WHAT IS REQUIRED -
Below are the records; copy every line in them that holds the string "blast".

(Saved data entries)
[Start of Attachment]
lemma rank_le_one_signature_N2: "rank_le_one_signature N2 = (False, True, True)"
proof -
  have rank: "ad_rank_le_one N2 (e X1)" "ad_rank_le_one N2 (e X3)"
      "ad_rank_le_one N2 (e X1 + e X2 + e X3 + e X4)"
    by (rule ad_rank_le_one_intro[where c = "\<lambda>v. - v$X6" and w = "e Y1"]
        ad_rank_le_one_intro[where c = "\<lambda>v. - v$X5" and w = "e Y2"]
        ad_rank_le_one_intro[where c = "\<lambda>v. - v$X5 - v$X6" and w = "e Y1 + e Y2"];
        simp add: vec_eq_iff all_basis bracket_N2 e_def axis_def)+
  have "\<not> rank_le_one_noncommuting N2"
    unfolding rank_le_one_noncommuting_def
    by (auto simp: vec_eq_iff bracket_N2 dest!: ad_rank_le_one_N2D)
  moreover have "three_independent_rank_le_one_brackets N2"
    by (rule three_independent_rank_le_one_bracketsI[OF rank, of "e X6" "e X5" "e X5"];
        rule independent_pair_if_minor_nonzero[of _ Y1 _ Y2]; simp add: bracket_N2 e_def axis_def)
  ultimately show ?thesis by (simp add: rank_le_one_signature_def three_independent_imp_two)
qed

lemma rank_le_one_signature_N3: "rank_le_one_signature N3 = (True, True, False)"
proof -
  have rank: "ad_rank_le_one N3 (e X1)" "ad_rank_le_one N3 (e X2)" "ad_rank_le_one N3 (e X3)"
    by (rule ad_rank_le_one_intro[where c = "\<lambda>v. v$X2" and w = "e Y1"]
        ad_rank_le_one_intro[where c = "\<lambda>v. - v$X1" and w = "e Y1"]
        ad_rank_le_one_intro[where c = "\<lambda>v. v$X6" and w = "e Y2"];
        simp add: vec_eq_iff all_basis bracket_N3 e_def axis_def)+
  have "rank_le_one_noncommuting N3"
    unfolding rank_le_one_noncommuting_def using rank(1,2)
    by (intro exI[of _ "e X1"] exI[of _ "e X2"] conjI) (auto simp: vec_eq_iff bracket_N3 e_def axis_def)
  moreover have "two_independent_rank_le_one_brackets N3"
    by (rule two_independent_rank_le_one_bracketsI[OF rank(1,3), of "e X2" "e X6"],
        rule independent_pair_if_minor_nonzero[of _ Y1 _ Y2], simp add: bracket_N3 e_def axis_def)
  moreover have "\<not> three_independent_rank_le_one_brackets N3"
  proof (rule not_three_independent_if_on_two_lines[of _ "e Y1" "e Y2"])
    fix z assume "z \<in> rank_le_one_brackets N3"
    then obtain u v where "ad_rank_le_one N3 u" and "z = bracket N3 u v"
      unfolding rank_le_one_brackets_def by blast
    then have "z = z$Y1 *s e Y1 \<or> z = z$Y2 *s e Y2"
      by (auto simp: vec_eq_iff all_basis bracket_N3 e_def axis_def dest!: ad_rank_le_one_N3D)
    then show "(\<exists>c. z = c *s e Y1) \<or> (\<exists>c. z = c *s e Y2)" by blast
  qed
  ultimately show ?thesis by (simp add: rank_le_one_signature_def)
qed

lemma rank_le_one_signature_N4: "rank_le_one_signature N4 = (True, False, False)"
proof -
  have rank: "ad_rank_le_one N4 (e X1)" "ad_rank_le_one N4 (e X2)"
    by (rule ad_rank_le_one_intro[where c = "\<lambda>v. v$X2" and w = "e Y1"]
        ad_rank_le_one_intro[where c = "\<lambda>v. - v$X1" and w = "e Y1"];
        simp add: vec_eq_iff all_basis bracket_N4 e_def axis_def)+
  have "rank_le_one_noncommuting N4"
    unfolding rank_le_one_noncommuting_def using rank
    by (intro exI[of _ "e X1"] exI[of _ "e X2"] conjI) (auto simp: vec_eq_iff bracket_N4 e_def axis_def)
  moreover have "\<not> two_independent_rank_le_one_brackets N4"
  proof (rule not_two_independent_if_collinear[of _ "e Y1"])
    fix z assume "z \<in> rank_le_one_brackets N4"
    then have "z = z$Y1 *s e Y1"
      unfolding rank_le_one_brackets_def
      by (auto simp: vec_eq_iff all_basis bracket_N4 e_def axis_def dest!: ad_rank_le_one_N4D)
    then show "\<exists>c. z = c *s e Y1" by blast
  qed
  ultimately show ?thesis by (auto simp: rank_le_one_signature_def dest: three_independent_imp_two)
qed

lemma rank_le_one_signature_N5: "rank_le_one_signature N5 = (False, False, False)"
proof -
  have "\<not> rank_le_one_noncommuting N5"
    unfolding rank_le_one_noncommuting_def
    by (auto simp: vec_eq_iff bracket_N5 dest!: ad_rank_le_one_N5D)
  moreover have "\<not> two_independent_rank_le_one_brackets N5"
  proof (rule not_two_independent_if_collinear[of _ "e Y1"])
    fix z assume "z \<in> rank_le_one_brackets N5"
    then have "z = z$Y1 *s e Y1"
      unfolding rank_le_one_brackets_def
      by (auto simp: vec_eq_iff all_basis bracket_N5 e_def axis_def dest!: ad_rank_le_one_N5D)
    then show "\<exists>c. z = c *s e Y1" by blast
  qed
  ultimately show ?thesis by (auto simp: rank_le_one_signature_def dest: three_independent_imp_two)
qed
[End of Attachment]
TASK ANSWER -
      unfolding rank_le_one_brackets_def by blast
    then show "(\<exists>c. z = c *s e Y1) \<or> (\<exists>c. z = c *s e Y2)" by blast
    then show "\<exists>c. z = c *s e Y1" by blast
    then show "\<exists>c. z = c *s e Y1" by blast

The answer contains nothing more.